Monitoring and Observability

Q11. What are the three pillars of observability?

1. Metrics (What is happening?) Numerical time-series measurements. Prometheus is the de facto standard.

from prometheus_client import Counter, Histogram, Gauge, start_http_server

# Counters: monotonically increasing
http_requests = Counter('http_requests_total', 'Total HTTP requests',
                        ['method', 'endpoint', 'status'])

# Histograms: latency distributions (automatically creates _count, _sum, _bucket)
request_duration = Histogram('http_request_duration_seconds', 'Request latency',
                              ['method', 'endpoint'],
                              buckets=[.005, .01, .025, .05, .1, .25, .5, 1, 2.5])

# Gauges: current value (can go up/down)
active_connections = Gauge('active_connections', 'Current active connections')

@app.route('/api/users')
def get_users():
    with request_duration.labels('GET', '/api/users').time():
        result = db.query_users()
        http_requests.labels('GET', '/api/users', '200').inc()
        return result

2. Logs (What happened?) Structured event records.
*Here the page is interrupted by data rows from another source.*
lemma product_box_preimage_partition:
  assumes C1: "changes_sdepth n1 n1' \<phi>1 l1 g1 g1'" and C2: "changes_sdepth n2 n2' \<phi>2 l2 g2 g2'"
    and "length a1' = n1'" "length b1' = n1'" "length a2' = n2'" "length b2' = n2'"
    and "intv n1' a1' b1' \<subseteq> intv n1' (zerov n1') g1'"
    and "intv n2' a2' b2' \<subseteq> intv n2' (zerov n2') g2'"
  shows "\<exists>F. interval_partition (n1 + n2) F
           {c \<in> intv (n1 + n2) (zerov (n1 + n2)) (g1 @ g2).
              prod_map n1 \<phi>1 \<phi>2 c \<in> intv (n1' + n2') (a1' @ a2') (b1' @ b2')} \<and>
         (\<forall>(a, b) \<in> F. int (ncoinc (n1 + n2) b (g1 @ g2)) \<ge>
                         int (ncoinc (n1' + n2') (b1' @ b2') (g1' @ g2')) + (l1 + l2))"
proof -
  obtain F1 where F1: "interval_partition n1 F1 {c \<in> intv n1 (zerov n1) g1. \<phi>1 c \<in> intv n1' a1' b1'}"
    "\<forall>(a, b) \<in> F1. int (ncoinc n1 b g1) \<ge> int (ncoinc n1' b1' g1') + l1"
    using C1 assms unfolding changes_sdepth_iff by blast
  obtain F2 where F2: "interval_partition n2 F2 {c \<in> intv n2 (zerov n2) g2. \<phi>2 c \<in> intv n2' a2' b2'}"
    "\<forall>(a, b) \<in> F2. int (ncoinc n2 b g2) \<ge> int (ncoinc n2' b2' g2') + l2"
    using C2 assms unfolding changes_sdepth_iff by blast
  have len: "\<And>x. length x = n1 \<Longrightarrow> length (\<phi>1 x) = n1'" "length g1 = n1" "length g1' = n1'"
    using C1 by (simp_all add: changes_sdepth_def mono_map_def)
  have "interval_partition (n1 + n2) (append_pairs F1 F2)
      {c \<in> intv (n1 + n2) (zerov (n1 + n2)) (g1 @ g2).
         prod_map n1 \<phi>1 \<phi>2 c \<in> intv (n1' + n2') (a1' @ a2') (b1' @ b2')}"
    using interval_partition_append[OF F1(1) F2(1)] prod_map_preimage_append[OF len(1,2) assms(3,4)]
    by simp
  moreover have "int (ncoinc (n1 + n2) (b1 @ b2) (g1 @ g2)) \<ge>
      int (ncoinc (n1' + n2') (b1' @ b2') (g1' @ g2')) + (l1 + l2)"
    if "(a1, b1) \<in> F1" "(a2, b2) \<in> F2" for a1 b1 a2 b2
  proof -
    have "length b1 = n1" using F1(1) that(1) by (auto simp: interval_partition_def)
    then have "ncoinc (n1 + n2) (b1 @ b2) (g1 @ g2) = ncoinc n1 b1 g1 + ncoinc n2 b2 g2"
      "ncoinc (n1' + n2') (b1' @ b2') (g1' @ g2') = ncoinc n1' b1' g1' + ncoinc n2' b2' g2'"
      using len(2,3) assms(4) by (simp_all add: ncoinc_append)
    moreover have "int (ncoinc n1 b1 g1) \<ge> int (ncoinc n1' b1' g1') + l1"
      using F1(2) that(1) by auto
    moreover have "int (ncoinc n2 b2 g2) \<ge> int (ncoinc n2' b2' g2') + l2"
      using F2(2) that(2) by auto
    ultimately show ?thesis by simp
  qed
  ultimately show ?thesis
    by (intro exI[of _ "append_pairs F1 F2"]) (auto simp: append_pairs_def)
qed

lemma product_preimage_partition:
  assumes C1: "changes_sdepth n1 n1' \<phi>1 l1 g1 g1'" and C2: "changes_sdepth n2 n2' \<phi>2 l2 g2 g2'"
    and len: "length a' = n1' + n2'" "length b' = n1' + n2'"
    and sub: "intv (n1' + n2') a' b' \<subseteq> intv (n1' + n2') (zerov (n1' + n2')) (g1' @ g2')"
  shows "\<exists>F. interval_partition (n1 + n2) F
           {c \<in> intv (n1 + n2) (zerov (n1 + n2)) (g1 @ g2).
              prod_map n1 \<phi>1 \<phi>2 c \<in> intv (n1' + n2') a' b'} \<and>
         (\<forall>(a, b) \<in> F. int (ncoinc (n1 + n2) b (g1 @ g2)) \<ge>
                         int (ncoinc (n1' + n2') b' (g1' @ g2')) + (l1 + l2))"
proof (cases "intv (n1' + n2') a' b' = {}")
  case True
  then show ?thesis by (intro exI[of _ "{}"]) (simp add: interval_partition_def)
next
  case False
  have "length g1' = n1'" using C1 by (simp add: changes_sdepth_def)
  then have "intv n1' (take n1' a') (take n1' b') \<subseteq> intv n1' (zerov n1') g1'"
    "intv n2' (drop n1' a') (drop n1' b') \<subseteq> intv n2' (zerov n2') g2'"
    using intv_append_subset[of "take n1' a'" n1' "take n1' b'" "zerov n1'" g1' "drop n1' a'" n2'
        "drop n1' b'" "zerov n2'" g2'] False sub[unfolded zerov_add] len
    by simp_all
  then show ?thesis
    using product_box_preimage_partition[OF C1 C2,
        of "take n1' a'" "take n1' b'" "drop n1' a'" "drop n1' b'"] len
    by simp
qed

theorem lemma3p4:
  fixes n1 n1' n2 n2' :: nat and \<phi>1 \<phi>2 :: "nat list \<Rightarrow> nat list"
    and l1 l2 :: int and g1 g1' g2 g2' :: "nat list"
  assumes "changes_sdepth n1 n1' \<phi>1 l1 g1 g1'"
    and "changes_sdepth n2 n2' \<phi>2 l2 g2 g2'"
  shows "changes_sdepth (n1 + n2) (n1' + n2') (prod_map n1 \<phi>1 \<phi>2) (l1 + l2)
           (g1 @ g2) (g1' @ g2')"
proof -
  have C1: "mono_map n1 n1' \<phi>1" "length g1 = n1" "length g1' = n1'" "vle (\<phi>1 g1) g1'"
    and C2: "mono_map n2 n2' \<phi>2" "length g2 = n2" "length g2' = n2'" "vle (\<phi>2 g2) g2'"
    using assms by (simp_all add: changes_sdepth_def)
  have "length (\<phi>1 g1) = n1'" using C1 by (simp add: mono_map_def)
  then have "vle (prod_map n1 \<phi>1 \<phi>2 (g1 @ g2)) (g1' @ g2')"
    using C1 C2 by (simp add: prod_map_def vle_append)
  then show ?thesis
    using C1 C2 product_preimage_partition[OF assms] mono_map_prod_map[OF C1(1) C2(1)]
    unfolding changes_sdepth_iff by simp
qed

end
ELK Stack (Elasticsearch + Logstash + Kibana) or Loki + Grafana.

import structlog

log = structlog.get_logger()

def process_order(order_id: str):
    log.info("order.processing", order_id=order_id, user_id=order.user_id)
    try:
        result = payment_service.charge(order)
        log.info("order.completed", order_id=order_id, amount=result.amount)
    except PaymentError as e:
        log.error("order.failed", order_id=order_id, error=str(e), exc_info=True)
        raise

3. Traces (How did it happen?) Distributed traces connecting spans across services. OpenTelemetry is the standard.

from opentelemetry import trace
from opentelemetry.sdk.trace import TracerProvider
from opentelemetry.sdk.trace.export import BatchSpanProcessor
from opentelemetry.exporter.jaeger.thrift import JaegerExporter

provider = TracerProvider()
exporter = JaegerExporter(agent_host_name='jaeger', agent_port=6831)
provider.add_span_processor(BatchSpanProcessor(exporter))
trace.set_tracer_provider(provider)

tracer = trace.get_tracer(__name__)

def handle_order(order_id: str):
    with tracer.start_as_current_span("handle_order") as span:
        span.set_attribute("order.id", order_id)
        validate_inventory(order_id)      # creates child span
        process_payment(order_id)         # creates child span
        send_confirmation(order_id)       # creates child span

Q12. How do you set up Prometheus + Grafana for Kubernetes monitoring?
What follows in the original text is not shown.